[The input — start]

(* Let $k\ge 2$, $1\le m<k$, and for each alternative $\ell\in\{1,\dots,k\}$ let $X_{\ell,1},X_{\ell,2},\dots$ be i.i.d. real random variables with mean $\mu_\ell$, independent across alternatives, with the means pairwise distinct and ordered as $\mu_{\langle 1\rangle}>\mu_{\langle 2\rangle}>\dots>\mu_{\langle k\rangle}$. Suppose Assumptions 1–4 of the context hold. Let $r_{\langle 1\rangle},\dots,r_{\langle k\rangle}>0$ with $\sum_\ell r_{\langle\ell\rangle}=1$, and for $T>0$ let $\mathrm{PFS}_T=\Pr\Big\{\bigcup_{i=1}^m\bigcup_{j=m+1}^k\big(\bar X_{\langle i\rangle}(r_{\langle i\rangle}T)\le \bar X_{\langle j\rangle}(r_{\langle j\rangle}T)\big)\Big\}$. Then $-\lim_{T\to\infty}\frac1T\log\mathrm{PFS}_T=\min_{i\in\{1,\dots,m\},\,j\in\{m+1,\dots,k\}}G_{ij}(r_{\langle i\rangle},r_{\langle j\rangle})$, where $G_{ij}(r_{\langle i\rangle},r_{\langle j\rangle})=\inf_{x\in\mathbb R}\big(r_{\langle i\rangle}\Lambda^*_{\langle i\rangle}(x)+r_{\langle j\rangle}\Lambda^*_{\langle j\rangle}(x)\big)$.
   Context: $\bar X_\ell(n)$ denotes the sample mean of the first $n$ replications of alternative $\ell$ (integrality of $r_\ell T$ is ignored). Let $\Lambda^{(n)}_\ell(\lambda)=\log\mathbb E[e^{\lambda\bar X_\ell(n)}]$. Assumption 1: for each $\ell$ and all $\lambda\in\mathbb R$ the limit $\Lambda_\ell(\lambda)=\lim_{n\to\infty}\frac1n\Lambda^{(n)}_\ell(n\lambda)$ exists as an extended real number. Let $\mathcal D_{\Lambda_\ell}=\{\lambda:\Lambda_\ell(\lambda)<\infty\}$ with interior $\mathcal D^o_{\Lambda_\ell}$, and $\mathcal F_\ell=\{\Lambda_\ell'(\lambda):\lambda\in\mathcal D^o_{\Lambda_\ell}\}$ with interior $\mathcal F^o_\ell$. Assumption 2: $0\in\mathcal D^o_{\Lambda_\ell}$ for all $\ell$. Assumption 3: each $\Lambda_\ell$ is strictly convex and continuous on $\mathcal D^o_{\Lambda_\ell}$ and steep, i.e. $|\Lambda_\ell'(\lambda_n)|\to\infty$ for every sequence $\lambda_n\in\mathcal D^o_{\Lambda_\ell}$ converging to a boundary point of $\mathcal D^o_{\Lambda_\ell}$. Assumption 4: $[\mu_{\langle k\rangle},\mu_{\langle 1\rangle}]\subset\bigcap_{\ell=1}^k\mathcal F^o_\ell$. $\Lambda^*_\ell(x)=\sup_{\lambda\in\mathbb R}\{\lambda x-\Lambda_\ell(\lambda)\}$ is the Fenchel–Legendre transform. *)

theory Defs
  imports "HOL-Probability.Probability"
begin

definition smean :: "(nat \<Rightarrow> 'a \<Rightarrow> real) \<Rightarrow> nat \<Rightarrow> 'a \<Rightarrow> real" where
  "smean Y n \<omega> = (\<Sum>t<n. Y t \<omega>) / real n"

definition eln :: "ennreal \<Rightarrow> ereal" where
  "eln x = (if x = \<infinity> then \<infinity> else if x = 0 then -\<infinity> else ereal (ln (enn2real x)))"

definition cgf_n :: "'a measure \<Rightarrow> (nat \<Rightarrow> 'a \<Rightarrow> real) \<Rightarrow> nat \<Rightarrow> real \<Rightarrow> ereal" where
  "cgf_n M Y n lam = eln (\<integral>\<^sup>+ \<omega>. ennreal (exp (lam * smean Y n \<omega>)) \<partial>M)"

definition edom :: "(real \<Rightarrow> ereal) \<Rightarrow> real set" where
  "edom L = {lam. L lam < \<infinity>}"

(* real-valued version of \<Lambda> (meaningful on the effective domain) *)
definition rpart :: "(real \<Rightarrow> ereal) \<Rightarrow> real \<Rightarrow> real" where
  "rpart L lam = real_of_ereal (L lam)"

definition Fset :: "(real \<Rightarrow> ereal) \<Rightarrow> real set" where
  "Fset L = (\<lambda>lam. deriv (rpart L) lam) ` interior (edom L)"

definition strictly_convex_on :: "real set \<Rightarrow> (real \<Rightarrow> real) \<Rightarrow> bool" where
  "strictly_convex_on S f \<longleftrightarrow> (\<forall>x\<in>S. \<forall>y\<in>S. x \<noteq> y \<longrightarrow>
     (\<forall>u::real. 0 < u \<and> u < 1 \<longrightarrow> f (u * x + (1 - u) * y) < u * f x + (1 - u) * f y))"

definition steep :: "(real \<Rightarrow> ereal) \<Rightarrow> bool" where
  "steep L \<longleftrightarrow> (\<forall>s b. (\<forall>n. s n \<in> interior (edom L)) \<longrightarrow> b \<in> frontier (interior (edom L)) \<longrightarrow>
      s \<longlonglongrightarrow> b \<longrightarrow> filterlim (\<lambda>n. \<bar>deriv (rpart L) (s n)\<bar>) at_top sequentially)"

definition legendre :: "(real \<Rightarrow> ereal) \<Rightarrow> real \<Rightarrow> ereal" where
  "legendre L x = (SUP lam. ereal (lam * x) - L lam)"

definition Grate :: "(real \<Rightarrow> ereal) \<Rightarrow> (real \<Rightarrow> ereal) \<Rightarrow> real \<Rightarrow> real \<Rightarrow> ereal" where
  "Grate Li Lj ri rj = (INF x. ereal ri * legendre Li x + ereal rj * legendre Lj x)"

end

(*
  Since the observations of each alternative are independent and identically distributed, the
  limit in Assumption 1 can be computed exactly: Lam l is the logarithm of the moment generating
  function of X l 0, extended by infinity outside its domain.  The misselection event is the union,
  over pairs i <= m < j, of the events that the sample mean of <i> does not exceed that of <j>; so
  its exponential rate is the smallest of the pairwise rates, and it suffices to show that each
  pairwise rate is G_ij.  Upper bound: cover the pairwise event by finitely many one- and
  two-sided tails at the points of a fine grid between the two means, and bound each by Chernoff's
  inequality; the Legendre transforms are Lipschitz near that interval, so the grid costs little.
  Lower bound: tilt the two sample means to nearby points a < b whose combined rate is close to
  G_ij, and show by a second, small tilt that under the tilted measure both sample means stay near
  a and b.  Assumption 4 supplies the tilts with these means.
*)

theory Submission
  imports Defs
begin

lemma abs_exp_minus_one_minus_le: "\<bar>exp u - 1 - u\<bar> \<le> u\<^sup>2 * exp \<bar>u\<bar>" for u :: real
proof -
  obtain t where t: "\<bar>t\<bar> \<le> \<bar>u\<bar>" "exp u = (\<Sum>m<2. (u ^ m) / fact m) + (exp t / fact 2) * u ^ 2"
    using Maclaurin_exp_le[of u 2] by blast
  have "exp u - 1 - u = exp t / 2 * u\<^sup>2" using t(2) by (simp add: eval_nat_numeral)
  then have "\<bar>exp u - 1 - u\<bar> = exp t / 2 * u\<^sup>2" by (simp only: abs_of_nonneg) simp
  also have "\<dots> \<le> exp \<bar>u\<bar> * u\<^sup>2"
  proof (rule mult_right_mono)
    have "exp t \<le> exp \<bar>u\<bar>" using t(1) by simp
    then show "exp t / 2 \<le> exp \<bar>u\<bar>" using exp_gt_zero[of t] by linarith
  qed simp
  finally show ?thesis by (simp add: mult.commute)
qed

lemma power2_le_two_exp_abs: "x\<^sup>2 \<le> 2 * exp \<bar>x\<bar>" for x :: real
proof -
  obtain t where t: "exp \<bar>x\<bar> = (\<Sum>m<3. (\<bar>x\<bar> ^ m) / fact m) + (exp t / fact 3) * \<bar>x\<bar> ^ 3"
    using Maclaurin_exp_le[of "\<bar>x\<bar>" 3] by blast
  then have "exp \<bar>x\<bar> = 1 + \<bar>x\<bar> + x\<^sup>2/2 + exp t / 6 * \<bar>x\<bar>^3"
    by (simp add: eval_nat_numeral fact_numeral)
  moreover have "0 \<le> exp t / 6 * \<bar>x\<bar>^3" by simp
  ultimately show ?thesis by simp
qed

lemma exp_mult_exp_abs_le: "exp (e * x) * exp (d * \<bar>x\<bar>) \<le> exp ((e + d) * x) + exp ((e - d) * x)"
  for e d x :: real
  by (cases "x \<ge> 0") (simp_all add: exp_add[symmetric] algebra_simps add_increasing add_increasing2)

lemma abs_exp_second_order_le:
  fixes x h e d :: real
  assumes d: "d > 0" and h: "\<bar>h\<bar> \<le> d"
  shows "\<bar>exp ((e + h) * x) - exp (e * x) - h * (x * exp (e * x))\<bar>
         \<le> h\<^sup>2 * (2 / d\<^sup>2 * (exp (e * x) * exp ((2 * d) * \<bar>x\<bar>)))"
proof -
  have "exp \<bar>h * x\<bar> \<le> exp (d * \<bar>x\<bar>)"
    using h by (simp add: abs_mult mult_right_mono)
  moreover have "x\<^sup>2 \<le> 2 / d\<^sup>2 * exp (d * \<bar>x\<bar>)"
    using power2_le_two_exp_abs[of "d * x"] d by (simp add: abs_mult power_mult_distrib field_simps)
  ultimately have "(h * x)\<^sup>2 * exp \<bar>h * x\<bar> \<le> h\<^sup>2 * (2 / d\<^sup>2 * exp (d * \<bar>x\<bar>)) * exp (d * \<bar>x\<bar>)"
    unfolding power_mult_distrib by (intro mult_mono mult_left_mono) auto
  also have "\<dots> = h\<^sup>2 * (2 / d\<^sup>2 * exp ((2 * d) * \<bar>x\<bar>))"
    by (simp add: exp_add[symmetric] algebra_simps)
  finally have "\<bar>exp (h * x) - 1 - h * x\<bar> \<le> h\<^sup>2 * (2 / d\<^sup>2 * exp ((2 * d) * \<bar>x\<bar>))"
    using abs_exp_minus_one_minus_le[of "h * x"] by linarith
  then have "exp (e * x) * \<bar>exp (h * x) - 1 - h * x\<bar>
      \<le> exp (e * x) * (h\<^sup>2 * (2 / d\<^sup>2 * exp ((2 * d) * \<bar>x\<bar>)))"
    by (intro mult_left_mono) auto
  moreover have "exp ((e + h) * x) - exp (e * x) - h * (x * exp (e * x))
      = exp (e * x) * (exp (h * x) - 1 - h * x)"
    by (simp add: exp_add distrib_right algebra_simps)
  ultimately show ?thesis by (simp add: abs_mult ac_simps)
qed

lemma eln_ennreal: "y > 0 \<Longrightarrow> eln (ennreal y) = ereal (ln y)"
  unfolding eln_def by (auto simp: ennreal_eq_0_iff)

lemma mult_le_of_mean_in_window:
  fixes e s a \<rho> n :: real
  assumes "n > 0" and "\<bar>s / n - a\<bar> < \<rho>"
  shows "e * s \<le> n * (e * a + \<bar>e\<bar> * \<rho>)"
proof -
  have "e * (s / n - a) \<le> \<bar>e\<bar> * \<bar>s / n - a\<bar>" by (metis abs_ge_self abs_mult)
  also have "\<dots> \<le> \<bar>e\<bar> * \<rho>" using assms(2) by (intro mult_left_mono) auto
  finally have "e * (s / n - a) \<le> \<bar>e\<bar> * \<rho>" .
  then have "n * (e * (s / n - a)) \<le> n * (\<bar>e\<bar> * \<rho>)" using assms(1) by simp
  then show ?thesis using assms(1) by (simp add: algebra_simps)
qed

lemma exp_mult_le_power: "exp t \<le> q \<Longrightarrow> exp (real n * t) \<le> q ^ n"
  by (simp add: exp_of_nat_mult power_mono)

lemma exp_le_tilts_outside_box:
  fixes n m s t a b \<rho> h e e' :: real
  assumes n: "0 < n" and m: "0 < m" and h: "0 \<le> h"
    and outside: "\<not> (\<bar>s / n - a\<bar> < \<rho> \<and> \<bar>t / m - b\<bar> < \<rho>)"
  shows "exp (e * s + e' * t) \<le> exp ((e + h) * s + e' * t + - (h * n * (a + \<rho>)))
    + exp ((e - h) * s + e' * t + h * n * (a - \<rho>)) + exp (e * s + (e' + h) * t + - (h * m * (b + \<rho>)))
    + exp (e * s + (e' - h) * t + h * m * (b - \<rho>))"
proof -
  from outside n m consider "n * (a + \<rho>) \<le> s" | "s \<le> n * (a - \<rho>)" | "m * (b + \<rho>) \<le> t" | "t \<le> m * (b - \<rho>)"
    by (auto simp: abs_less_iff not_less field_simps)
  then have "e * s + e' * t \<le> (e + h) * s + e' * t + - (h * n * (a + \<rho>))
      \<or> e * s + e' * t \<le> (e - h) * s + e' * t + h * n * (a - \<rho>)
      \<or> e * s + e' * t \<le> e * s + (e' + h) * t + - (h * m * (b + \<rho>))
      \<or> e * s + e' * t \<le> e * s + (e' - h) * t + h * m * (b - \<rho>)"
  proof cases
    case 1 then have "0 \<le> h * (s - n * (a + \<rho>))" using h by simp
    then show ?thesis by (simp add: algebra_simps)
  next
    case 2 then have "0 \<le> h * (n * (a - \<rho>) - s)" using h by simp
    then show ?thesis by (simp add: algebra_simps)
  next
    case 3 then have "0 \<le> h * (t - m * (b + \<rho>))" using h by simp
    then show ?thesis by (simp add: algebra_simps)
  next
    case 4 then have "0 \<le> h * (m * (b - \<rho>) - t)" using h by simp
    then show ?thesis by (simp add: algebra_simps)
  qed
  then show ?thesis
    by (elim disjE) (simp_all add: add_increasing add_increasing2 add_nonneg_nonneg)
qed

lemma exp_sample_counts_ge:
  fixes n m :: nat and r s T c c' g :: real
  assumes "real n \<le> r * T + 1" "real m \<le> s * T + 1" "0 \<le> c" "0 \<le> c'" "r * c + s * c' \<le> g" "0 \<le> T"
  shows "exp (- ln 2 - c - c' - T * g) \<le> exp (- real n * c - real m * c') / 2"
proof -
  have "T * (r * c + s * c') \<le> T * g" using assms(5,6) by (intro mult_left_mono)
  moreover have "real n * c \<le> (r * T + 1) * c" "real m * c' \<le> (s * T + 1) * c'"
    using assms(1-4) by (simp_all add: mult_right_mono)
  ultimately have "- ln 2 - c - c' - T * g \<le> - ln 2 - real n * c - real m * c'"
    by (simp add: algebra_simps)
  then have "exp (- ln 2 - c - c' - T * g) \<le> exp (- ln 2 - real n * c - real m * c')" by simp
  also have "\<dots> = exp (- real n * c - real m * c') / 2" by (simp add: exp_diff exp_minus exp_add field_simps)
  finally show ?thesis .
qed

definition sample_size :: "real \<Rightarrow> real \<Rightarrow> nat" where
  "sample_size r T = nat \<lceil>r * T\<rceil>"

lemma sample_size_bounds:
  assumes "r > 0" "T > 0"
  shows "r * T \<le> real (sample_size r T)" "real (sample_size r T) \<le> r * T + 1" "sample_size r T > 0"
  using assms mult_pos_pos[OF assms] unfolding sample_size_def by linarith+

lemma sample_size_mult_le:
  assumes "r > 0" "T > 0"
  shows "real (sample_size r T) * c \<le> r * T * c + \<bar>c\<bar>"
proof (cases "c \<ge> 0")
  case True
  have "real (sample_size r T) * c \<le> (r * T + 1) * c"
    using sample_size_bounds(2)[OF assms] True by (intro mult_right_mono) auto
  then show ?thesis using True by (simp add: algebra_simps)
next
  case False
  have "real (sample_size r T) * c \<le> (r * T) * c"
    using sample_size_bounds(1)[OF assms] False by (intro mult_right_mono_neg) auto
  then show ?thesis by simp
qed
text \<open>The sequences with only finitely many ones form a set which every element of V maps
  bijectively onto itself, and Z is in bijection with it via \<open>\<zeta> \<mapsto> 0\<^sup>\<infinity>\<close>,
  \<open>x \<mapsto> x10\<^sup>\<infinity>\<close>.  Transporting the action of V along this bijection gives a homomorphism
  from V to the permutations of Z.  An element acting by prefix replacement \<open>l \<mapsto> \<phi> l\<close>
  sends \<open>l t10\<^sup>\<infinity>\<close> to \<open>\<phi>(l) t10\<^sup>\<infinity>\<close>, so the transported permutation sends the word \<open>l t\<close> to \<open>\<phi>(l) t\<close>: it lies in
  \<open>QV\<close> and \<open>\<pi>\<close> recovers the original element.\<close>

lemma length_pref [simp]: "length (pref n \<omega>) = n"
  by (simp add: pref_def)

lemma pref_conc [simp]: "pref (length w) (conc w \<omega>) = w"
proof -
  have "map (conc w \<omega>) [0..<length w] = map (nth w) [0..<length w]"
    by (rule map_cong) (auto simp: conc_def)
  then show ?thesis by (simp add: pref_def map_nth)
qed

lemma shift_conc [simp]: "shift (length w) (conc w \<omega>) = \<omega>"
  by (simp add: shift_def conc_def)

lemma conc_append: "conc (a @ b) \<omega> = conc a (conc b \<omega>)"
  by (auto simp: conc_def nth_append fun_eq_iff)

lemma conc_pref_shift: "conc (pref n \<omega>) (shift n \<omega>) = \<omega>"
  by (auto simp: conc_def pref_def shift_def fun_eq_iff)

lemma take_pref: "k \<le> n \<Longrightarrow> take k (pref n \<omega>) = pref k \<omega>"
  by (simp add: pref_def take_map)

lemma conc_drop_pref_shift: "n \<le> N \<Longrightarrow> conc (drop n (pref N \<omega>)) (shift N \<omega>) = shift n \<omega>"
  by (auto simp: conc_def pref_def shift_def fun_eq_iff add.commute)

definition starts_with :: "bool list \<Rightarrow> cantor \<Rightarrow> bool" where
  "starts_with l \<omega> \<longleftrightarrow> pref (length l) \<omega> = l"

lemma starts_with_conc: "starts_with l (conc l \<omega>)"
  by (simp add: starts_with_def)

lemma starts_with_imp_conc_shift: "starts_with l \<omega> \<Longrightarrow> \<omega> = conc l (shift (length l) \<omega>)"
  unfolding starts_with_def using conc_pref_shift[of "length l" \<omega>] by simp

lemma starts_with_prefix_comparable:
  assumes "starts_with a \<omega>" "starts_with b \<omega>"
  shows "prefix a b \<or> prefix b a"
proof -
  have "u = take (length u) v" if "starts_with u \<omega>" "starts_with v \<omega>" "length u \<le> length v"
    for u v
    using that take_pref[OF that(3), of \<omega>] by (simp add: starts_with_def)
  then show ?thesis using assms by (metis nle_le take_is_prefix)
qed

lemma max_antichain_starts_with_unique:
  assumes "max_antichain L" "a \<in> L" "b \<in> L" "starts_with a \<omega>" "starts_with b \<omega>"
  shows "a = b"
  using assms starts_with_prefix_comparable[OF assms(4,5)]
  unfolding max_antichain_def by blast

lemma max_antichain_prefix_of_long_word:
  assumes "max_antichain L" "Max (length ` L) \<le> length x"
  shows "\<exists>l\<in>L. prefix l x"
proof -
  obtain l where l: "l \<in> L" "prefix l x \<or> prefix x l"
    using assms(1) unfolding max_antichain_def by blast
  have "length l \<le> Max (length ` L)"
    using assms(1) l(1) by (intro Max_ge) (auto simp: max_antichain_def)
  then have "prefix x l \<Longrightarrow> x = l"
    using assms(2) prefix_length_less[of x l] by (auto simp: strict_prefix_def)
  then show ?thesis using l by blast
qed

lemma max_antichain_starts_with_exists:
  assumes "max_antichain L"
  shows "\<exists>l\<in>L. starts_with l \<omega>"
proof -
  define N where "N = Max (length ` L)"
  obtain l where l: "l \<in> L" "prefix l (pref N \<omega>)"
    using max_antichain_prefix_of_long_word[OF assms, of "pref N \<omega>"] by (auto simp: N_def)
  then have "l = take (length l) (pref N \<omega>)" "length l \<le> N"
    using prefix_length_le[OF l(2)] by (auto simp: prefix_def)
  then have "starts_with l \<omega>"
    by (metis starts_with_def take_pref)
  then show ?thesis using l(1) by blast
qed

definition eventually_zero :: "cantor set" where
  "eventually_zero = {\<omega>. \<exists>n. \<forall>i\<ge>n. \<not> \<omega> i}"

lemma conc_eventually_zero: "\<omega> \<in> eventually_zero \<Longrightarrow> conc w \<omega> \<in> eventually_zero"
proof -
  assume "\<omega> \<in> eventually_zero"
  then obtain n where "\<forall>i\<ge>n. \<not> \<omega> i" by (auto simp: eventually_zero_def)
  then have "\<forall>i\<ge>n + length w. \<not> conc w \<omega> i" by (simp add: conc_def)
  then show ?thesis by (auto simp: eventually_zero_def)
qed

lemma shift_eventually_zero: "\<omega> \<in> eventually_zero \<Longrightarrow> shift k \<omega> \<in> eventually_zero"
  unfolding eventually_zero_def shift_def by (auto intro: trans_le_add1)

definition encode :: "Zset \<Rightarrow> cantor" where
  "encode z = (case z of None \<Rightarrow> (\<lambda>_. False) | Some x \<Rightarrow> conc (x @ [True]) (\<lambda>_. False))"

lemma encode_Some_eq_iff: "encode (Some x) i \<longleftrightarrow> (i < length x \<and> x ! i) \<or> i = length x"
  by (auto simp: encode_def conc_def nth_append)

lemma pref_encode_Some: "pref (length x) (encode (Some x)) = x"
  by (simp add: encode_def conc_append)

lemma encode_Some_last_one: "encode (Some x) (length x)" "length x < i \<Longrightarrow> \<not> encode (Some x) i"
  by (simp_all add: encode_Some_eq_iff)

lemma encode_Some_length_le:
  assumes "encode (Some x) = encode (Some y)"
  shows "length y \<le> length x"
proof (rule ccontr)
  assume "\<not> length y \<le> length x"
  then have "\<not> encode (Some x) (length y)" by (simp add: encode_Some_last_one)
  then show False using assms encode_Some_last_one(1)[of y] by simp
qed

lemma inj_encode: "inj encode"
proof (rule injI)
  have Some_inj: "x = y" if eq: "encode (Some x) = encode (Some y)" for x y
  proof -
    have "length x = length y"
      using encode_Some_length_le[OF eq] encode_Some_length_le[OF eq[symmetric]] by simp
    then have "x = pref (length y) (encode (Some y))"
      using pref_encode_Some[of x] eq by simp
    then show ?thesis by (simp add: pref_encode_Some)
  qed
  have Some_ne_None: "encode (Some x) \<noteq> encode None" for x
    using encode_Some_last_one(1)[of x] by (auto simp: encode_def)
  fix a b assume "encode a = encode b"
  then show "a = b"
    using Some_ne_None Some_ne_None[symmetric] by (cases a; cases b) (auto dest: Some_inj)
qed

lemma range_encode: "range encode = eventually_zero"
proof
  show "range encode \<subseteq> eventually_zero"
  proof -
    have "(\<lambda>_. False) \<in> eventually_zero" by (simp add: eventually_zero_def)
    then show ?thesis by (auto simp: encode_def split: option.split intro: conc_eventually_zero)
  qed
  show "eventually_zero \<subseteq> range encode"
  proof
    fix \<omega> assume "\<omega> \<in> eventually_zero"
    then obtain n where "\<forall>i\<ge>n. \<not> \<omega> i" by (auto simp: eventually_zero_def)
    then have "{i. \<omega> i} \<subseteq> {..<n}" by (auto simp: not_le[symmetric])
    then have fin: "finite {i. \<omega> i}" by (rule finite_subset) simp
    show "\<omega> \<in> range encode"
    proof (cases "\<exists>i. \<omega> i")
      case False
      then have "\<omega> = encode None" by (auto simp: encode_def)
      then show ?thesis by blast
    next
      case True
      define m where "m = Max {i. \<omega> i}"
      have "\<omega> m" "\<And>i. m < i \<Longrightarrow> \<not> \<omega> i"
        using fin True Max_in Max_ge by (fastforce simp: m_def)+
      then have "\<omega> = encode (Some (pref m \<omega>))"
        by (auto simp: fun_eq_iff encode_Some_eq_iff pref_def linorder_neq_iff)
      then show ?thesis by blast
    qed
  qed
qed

[The input — finish]

● **Assigned task**
Wherever a line of the data holds "finally", copy that line.

● **Problem solution**
  finally show ?thesis by (simp add: mult.commute)
  finally have "\<bar>exp (h * x) - 1 - h * x\<bar> \<le> h\<^sup>2 * (2 / d\<^sup>2 * exp ((2 * d) * \<bar>x\<bar>))"
  finally have "e * (s / n - a) \<le> \<bar>e\<bar> * \<rho>" .
  finally show ?thesis .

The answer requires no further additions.